Wherever the string "observations" appears in the entries below, return the line that holds it.
+++ Data provided
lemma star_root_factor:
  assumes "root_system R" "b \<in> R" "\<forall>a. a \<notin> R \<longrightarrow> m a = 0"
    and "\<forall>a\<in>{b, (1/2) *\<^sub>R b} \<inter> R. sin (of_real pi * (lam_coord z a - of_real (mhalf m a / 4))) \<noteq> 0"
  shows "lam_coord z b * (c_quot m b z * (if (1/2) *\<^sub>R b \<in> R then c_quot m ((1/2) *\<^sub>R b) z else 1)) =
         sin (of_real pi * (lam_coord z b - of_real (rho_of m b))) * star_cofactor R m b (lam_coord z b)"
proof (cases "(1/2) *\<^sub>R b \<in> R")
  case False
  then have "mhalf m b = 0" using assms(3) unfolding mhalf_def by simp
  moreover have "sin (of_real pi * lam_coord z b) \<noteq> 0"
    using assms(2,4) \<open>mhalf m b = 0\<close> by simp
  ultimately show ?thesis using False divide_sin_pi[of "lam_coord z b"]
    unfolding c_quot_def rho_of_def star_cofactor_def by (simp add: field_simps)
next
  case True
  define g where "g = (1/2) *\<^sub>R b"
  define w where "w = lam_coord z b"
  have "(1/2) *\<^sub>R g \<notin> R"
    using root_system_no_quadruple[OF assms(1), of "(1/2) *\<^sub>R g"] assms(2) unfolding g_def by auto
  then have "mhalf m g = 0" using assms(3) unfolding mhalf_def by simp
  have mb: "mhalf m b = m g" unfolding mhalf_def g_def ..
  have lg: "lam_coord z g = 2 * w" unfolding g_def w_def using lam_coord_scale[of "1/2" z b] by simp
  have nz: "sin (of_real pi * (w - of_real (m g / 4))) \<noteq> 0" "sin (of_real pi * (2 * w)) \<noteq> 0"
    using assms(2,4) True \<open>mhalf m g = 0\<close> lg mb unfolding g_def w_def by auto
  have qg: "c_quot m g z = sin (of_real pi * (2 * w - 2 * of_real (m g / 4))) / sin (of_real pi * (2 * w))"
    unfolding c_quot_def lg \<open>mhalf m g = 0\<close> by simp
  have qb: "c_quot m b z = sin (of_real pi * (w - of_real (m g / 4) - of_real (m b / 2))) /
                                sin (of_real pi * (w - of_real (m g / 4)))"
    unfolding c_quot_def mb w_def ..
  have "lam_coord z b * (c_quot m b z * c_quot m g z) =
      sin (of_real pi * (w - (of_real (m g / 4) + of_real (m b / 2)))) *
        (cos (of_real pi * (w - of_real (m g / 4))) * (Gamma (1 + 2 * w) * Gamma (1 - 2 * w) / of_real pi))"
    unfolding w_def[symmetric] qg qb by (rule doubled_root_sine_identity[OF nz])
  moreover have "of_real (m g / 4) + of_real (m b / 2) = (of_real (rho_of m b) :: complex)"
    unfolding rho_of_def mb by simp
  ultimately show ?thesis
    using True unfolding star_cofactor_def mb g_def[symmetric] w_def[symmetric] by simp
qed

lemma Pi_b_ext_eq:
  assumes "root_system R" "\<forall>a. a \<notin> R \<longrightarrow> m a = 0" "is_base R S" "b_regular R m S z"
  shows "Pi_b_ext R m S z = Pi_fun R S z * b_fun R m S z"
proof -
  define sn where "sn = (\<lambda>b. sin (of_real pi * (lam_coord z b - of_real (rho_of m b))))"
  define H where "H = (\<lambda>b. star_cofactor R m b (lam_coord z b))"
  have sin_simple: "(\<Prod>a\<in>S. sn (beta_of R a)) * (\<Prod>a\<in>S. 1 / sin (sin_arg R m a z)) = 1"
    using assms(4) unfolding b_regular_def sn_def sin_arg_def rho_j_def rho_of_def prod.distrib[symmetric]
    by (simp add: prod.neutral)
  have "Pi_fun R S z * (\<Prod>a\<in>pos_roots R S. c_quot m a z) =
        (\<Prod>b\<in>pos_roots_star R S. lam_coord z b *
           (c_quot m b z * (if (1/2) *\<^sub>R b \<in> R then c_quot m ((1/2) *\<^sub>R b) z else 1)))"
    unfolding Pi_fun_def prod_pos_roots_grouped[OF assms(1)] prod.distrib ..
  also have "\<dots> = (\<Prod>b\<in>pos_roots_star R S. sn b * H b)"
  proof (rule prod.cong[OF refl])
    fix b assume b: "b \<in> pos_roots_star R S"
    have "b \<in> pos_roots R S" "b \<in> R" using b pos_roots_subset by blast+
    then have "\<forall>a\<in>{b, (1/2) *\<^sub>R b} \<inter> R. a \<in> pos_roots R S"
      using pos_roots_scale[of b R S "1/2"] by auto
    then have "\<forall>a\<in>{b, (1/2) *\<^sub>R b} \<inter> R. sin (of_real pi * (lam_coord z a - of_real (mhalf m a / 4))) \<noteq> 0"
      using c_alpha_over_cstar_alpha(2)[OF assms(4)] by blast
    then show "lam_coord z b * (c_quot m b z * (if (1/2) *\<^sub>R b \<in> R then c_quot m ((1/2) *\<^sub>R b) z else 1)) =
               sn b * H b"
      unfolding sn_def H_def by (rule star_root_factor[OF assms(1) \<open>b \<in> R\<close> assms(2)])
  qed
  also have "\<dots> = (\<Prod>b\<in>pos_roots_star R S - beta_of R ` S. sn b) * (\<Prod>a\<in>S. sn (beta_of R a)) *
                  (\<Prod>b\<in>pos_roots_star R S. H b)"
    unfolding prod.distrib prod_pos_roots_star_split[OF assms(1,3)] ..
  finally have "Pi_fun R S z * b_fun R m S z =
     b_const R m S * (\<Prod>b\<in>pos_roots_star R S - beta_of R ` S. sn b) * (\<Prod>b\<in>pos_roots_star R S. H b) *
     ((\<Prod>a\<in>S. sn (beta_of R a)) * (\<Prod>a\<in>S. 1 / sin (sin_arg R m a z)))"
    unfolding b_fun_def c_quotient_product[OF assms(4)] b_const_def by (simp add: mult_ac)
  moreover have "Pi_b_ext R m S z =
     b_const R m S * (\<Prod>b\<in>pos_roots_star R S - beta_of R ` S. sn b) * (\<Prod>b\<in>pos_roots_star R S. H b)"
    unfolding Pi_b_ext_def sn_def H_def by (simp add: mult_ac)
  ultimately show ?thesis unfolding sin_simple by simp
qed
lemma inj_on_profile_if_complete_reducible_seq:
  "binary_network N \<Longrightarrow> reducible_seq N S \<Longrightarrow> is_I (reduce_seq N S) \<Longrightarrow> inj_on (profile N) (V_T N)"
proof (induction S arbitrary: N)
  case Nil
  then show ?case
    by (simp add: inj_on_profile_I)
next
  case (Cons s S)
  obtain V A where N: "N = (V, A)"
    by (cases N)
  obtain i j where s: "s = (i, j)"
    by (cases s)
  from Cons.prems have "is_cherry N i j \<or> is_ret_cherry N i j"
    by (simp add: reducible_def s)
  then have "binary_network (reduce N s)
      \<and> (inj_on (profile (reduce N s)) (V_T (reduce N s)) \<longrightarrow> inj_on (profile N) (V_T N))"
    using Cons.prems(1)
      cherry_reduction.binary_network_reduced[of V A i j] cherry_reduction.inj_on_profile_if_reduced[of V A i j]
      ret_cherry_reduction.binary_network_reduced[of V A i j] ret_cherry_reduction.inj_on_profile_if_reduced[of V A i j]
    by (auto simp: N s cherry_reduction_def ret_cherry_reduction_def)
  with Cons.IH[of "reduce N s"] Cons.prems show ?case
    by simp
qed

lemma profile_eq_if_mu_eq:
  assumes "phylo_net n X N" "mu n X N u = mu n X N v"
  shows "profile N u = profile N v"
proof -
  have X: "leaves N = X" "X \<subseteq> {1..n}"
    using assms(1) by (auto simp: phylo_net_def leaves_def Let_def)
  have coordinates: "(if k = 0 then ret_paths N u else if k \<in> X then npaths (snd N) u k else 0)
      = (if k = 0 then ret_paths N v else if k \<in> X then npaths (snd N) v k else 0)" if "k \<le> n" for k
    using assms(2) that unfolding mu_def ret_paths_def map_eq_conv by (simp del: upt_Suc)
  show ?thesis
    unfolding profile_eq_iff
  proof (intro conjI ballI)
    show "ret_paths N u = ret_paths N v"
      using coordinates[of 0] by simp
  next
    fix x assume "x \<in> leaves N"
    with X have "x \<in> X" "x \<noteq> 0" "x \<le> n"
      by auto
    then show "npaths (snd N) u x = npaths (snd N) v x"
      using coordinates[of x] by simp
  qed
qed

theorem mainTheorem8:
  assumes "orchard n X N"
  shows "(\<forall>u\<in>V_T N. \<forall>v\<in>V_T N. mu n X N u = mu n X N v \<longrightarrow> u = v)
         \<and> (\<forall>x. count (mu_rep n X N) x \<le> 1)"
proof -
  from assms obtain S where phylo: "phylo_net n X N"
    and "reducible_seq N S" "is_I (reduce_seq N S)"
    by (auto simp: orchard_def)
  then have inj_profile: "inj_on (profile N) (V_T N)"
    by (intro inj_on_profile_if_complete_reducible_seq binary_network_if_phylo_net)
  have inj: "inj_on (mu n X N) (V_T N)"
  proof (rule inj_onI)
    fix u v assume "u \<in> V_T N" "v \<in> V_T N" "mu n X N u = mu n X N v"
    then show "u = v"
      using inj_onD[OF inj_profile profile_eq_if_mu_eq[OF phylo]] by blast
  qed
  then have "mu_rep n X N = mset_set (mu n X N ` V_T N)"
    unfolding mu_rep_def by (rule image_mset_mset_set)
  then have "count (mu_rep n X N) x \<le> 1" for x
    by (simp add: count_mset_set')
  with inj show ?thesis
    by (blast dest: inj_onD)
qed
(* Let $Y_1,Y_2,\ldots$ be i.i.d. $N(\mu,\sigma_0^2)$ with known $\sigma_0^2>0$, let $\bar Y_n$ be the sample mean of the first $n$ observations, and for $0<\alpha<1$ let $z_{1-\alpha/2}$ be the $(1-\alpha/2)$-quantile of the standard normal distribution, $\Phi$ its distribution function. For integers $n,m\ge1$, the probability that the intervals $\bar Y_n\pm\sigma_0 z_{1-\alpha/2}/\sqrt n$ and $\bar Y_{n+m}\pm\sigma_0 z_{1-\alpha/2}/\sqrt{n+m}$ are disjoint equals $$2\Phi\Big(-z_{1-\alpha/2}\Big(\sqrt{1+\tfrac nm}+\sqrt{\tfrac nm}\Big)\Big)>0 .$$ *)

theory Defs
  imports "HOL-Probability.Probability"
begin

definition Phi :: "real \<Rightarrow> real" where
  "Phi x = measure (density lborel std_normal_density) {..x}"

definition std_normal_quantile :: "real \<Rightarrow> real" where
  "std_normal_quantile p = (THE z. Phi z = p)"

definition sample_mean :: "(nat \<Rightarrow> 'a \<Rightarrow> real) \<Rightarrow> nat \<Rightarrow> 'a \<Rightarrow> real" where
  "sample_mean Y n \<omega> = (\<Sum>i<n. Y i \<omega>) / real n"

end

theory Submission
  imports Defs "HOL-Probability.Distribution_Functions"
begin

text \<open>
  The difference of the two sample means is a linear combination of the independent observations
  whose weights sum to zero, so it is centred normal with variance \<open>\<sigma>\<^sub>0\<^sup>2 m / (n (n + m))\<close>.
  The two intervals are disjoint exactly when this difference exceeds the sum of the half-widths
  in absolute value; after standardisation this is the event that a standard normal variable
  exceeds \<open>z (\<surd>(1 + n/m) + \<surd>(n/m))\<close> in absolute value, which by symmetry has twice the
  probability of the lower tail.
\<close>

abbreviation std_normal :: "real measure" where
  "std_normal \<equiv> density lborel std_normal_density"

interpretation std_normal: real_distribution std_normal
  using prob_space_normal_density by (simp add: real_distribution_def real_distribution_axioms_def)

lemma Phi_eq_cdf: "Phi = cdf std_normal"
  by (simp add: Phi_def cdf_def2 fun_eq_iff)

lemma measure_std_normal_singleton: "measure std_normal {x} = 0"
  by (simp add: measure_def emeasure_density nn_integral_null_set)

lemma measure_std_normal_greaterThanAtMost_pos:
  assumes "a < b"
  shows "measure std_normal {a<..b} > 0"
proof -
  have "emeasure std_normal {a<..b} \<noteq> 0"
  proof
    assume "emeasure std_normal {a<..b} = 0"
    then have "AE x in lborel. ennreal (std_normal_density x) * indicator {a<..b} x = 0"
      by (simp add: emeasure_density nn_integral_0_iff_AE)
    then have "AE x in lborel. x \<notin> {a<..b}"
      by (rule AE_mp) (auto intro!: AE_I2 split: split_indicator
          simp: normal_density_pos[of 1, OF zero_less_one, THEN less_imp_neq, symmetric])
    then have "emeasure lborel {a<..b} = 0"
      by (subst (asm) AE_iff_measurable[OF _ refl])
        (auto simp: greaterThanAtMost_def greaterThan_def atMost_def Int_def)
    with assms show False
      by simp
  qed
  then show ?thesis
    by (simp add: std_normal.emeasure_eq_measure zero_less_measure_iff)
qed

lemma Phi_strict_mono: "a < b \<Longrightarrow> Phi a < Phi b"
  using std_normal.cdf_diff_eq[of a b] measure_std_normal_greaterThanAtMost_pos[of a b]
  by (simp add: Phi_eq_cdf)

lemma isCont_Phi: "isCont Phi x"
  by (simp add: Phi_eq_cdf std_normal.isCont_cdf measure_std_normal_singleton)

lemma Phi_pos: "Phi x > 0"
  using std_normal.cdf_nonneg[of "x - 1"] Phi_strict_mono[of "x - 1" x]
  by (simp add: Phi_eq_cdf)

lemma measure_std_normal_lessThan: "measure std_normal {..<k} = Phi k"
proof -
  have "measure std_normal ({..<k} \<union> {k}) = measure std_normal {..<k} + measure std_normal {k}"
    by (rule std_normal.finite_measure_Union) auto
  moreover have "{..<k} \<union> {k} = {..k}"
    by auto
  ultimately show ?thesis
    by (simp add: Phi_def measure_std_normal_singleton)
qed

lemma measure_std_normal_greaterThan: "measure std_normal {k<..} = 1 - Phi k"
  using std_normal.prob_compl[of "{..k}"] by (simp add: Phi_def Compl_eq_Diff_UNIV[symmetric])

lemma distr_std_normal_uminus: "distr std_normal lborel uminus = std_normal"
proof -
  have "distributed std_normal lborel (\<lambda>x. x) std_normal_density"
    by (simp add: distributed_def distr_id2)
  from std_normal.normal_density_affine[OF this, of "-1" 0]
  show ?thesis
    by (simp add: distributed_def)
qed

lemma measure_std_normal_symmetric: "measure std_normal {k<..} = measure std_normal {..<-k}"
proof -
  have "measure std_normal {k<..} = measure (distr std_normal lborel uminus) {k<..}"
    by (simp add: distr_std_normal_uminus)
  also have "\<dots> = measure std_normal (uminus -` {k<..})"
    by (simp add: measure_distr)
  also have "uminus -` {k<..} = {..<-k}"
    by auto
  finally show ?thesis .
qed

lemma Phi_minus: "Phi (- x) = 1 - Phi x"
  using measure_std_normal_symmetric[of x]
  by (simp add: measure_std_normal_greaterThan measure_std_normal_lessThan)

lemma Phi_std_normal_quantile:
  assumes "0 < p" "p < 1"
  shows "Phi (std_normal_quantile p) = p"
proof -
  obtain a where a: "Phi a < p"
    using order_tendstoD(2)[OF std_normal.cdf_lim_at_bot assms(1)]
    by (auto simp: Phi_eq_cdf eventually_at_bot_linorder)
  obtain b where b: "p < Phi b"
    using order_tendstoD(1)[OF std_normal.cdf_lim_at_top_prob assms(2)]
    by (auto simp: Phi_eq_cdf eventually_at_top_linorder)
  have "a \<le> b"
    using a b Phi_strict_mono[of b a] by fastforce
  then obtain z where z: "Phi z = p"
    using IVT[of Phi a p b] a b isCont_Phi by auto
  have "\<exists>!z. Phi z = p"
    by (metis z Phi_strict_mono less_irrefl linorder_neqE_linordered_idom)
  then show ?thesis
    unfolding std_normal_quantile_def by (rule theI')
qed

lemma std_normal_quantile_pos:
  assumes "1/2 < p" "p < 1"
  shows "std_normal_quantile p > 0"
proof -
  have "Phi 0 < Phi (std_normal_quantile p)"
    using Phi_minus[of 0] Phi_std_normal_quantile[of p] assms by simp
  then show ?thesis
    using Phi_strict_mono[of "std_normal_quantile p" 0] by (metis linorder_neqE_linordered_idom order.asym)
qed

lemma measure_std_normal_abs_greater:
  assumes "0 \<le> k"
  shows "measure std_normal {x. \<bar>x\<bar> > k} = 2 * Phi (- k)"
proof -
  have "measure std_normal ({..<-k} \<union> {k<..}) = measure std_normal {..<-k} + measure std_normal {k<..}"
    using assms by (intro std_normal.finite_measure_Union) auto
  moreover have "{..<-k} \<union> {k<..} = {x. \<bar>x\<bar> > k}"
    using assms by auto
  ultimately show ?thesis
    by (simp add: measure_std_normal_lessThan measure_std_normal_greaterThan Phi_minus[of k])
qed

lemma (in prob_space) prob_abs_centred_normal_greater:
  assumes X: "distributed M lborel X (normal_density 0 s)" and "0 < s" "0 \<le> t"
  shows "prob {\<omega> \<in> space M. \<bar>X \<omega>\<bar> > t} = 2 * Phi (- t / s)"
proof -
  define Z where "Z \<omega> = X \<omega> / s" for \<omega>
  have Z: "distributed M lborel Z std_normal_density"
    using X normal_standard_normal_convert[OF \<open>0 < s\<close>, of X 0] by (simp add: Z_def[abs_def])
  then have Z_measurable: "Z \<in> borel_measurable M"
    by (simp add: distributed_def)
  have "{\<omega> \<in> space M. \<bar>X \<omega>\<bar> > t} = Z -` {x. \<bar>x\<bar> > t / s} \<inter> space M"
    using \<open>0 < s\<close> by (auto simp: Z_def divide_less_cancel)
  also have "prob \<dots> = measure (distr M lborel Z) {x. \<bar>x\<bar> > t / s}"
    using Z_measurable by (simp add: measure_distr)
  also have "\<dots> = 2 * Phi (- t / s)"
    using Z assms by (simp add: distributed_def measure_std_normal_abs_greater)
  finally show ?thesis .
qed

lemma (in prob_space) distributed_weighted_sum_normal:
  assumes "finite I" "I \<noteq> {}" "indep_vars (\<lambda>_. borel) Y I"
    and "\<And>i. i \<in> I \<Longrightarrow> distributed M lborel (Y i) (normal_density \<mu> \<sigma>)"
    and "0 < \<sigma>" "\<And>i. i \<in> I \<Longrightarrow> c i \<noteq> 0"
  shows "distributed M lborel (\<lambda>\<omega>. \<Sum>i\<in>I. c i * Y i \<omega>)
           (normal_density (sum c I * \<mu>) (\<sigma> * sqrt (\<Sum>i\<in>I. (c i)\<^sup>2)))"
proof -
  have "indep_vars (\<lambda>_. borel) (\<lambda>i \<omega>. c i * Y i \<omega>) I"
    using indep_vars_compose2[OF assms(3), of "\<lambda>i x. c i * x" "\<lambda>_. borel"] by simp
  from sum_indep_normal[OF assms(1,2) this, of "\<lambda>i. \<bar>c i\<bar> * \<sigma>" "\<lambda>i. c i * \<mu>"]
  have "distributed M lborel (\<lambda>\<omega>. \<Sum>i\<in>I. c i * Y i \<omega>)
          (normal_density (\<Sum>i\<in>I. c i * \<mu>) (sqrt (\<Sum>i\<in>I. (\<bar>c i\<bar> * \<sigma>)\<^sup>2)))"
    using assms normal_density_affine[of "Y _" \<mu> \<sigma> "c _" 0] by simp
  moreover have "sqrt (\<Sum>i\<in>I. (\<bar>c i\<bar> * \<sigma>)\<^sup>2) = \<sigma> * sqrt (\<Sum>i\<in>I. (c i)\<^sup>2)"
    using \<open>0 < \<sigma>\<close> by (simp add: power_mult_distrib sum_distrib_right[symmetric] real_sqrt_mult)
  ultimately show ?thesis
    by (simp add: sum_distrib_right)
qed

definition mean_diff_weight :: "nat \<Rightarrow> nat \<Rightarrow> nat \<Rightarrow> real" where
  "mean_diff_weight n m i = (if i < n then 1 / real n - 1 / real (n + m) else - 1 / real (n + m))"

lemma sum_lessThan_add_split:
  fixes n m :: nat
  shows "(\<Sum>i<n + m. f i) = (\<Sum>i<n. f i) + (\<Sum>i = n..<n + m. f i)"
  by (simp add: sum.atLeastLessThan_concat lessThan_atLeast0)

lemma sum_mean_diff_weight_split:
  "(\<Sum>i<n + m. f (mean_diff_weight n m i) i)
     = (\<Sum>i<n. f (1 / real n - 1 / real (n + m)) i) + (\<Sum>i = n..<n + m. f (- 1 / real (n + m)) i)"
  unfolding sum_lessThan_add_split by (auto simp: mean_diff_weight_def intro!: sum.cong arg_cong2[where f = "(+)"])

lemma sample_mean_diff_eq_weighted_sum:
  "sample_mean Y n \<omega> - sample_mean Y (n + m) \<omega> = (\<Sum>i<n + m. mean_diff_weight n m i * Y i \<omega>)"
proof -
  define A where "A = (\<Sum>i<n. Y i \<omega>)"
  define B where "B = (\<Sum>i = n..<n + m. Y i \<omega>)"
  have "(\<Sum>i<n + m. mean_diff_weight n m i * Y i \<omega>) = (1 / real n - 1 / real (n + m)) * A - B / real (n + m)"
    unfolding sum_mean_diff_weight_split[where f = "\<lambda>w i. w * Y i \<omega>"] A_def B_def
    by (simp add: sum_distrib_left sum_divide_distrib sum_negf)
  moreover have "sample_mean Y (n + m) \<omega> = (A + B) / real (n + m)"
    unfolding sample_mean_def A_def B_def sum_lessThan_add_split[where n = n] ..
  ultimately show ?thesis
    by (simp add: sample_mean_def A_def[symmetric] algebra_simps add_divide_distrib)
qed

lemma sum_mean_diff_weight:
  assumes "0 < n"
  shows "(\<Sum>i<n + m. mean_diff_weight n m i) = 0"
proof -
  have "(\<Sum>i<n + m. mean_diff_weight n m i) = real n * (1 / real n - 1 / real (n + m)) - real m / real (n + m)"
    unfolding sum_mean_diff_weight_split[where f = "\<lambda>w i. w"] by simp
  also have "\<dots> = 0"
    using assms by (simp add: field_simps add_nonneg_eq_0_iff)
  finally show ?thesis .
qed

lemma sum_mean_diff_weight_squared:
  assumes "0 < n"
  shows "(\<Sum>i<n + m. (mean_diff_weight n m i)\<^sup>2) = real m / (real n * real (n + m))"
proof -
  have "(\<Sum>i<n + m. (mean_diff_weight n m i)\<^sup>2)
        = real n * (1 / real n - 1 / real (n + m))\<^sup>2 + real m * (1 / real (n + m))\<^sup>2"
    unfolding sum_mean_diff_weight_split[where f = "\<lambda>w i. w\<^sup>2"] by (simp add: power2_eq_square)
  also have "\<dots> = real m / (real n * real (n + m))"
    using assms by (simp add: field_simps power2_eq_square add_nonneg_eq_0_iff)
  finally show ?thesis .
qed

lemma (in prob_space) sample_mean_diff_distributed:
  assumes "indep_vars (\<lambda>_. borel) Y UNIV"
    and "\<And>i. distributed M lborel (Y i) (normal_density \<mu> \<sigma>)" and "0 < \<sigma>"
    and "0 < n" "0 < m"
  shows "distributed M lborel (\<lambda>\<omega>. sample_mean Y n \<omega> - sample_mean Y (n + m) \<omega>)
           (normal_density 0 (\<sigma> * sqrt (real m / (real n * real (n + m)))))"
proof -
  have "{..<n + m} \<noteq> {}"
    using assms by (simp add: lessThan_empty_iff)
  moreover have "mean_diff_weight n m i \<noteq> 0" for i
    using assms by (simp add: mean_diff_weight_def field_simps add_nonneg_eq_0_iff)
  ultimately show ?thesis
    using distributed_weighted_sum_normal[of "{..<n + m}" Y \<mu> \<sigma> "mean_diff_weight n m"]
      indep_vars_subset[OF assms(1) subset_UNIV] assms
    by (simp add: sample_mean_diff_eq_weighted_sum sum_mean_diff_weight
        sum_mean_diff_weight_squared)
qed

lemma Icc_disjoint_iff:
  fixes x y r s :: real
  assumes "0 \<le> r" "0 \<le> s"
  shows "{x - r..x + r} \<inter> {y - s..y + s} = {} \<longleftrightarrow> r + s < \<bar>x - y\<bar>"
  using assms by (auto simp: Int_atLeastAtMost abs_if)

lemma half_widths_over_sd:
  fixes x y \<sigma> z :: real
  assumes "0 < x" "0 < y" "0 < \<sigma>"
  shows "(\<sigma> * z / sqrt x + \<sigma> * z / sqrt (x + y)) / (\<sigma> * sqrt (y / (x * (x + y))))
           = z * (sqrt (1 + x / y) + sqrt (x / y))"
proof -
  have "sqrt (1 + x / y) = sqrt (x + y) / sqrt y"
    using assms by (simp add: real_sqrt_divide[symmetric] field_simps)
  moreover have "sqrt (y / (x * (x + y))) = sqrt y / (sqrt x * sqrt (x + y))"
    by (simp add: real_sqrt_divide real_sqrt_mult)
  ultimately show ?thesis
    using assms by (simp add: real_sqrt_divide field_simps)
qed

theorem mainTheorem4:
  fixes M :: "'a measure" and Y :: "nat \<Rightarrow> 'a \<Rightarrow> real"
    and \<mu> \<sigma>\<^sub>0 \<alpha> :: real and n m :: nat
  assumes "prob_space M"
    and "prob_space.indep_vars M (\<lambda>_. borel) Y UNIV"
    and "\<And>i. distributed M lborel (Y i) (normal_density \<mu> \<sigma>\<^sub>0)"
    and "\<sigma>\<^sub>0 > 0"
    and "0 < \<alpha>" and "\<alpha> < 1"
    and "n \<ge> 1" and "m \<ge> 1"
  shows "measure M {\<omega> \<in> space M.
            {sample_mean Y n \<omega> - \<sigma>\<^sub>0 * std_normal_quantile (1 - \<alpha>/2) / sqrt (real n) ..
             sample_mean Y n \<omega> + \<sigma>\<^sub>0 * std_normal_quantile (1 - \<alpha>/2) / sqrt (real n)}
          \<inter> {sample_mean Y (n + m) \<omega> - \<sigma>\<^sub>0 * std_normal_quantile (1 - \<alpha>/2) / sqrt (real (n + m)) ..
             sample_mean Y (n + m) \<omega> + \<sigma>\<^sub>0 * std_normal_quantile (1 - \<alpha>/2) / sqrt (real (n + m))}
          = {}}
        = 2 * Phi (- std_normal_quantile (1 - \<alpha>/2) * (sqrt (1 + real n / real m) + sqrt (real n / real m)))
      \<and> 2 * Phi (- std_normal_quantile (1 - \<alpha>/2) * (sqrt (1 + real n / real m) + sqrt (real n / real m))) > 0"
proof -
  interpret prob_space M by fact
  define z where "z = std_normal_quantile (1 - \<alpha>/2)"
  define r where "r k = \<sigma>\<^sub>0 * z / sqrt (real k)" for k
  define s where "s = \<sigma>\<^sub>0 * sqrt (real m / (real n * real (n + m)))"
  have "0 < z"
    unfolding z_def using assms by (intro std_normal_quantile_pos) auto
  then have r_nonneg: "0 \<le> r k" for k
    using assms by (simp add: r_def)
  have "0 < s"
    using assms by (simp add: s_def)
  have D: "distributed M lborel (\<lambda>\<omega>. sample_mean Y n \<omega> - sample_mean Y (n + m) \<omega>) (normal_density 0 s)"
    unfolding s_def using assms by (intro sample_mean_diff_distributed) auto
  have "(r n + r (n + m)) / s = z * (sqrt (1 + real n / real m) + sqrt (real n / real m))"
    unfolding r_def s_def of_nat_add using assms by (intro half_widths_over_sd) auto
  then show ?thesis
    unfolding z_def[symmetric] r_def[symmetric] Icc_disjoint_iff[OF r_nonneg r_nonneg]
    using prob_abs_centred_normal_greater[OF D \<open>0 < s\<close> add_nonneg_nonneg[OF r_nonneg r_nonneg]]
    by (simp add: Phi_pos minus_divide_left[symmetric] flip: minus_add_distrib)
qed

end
++++++
### Solution for this task
(* Let $Y_1,Y_2,\ldots$ be i.i.d. $N(\mu,\sigma_0^2)$ with known $\sigma_0^2>0$, let $\bar Y_n$ be the sample mean of the first $n$ observations, and for $0<\alpha<1$ let $z_{1-\alpha/2}$ be the $(1-\alpha/2)$-quantile of the standard normal distribution, $\Phi$ its distribution function. For integers $n,m\ge1$, the probability that the intervals $\bar Y_n\pm\sigma_0 z_{1-\alpha/2}/\sqrt n$ and $\bar Y_{n+m}\pm\sigma_0 z_{1-\alpha/2}/\sqrt{n+m}$ are disjoint equals $$2\Phi\Big(-z_{1-\alpha/2}\Big(\sqrt{1+\tfrac nm}+\sqrt{\tfrac nm}\Big)\Big)>0 .$$ *)
  The difference of the two sample means is a linear combination of the independent observations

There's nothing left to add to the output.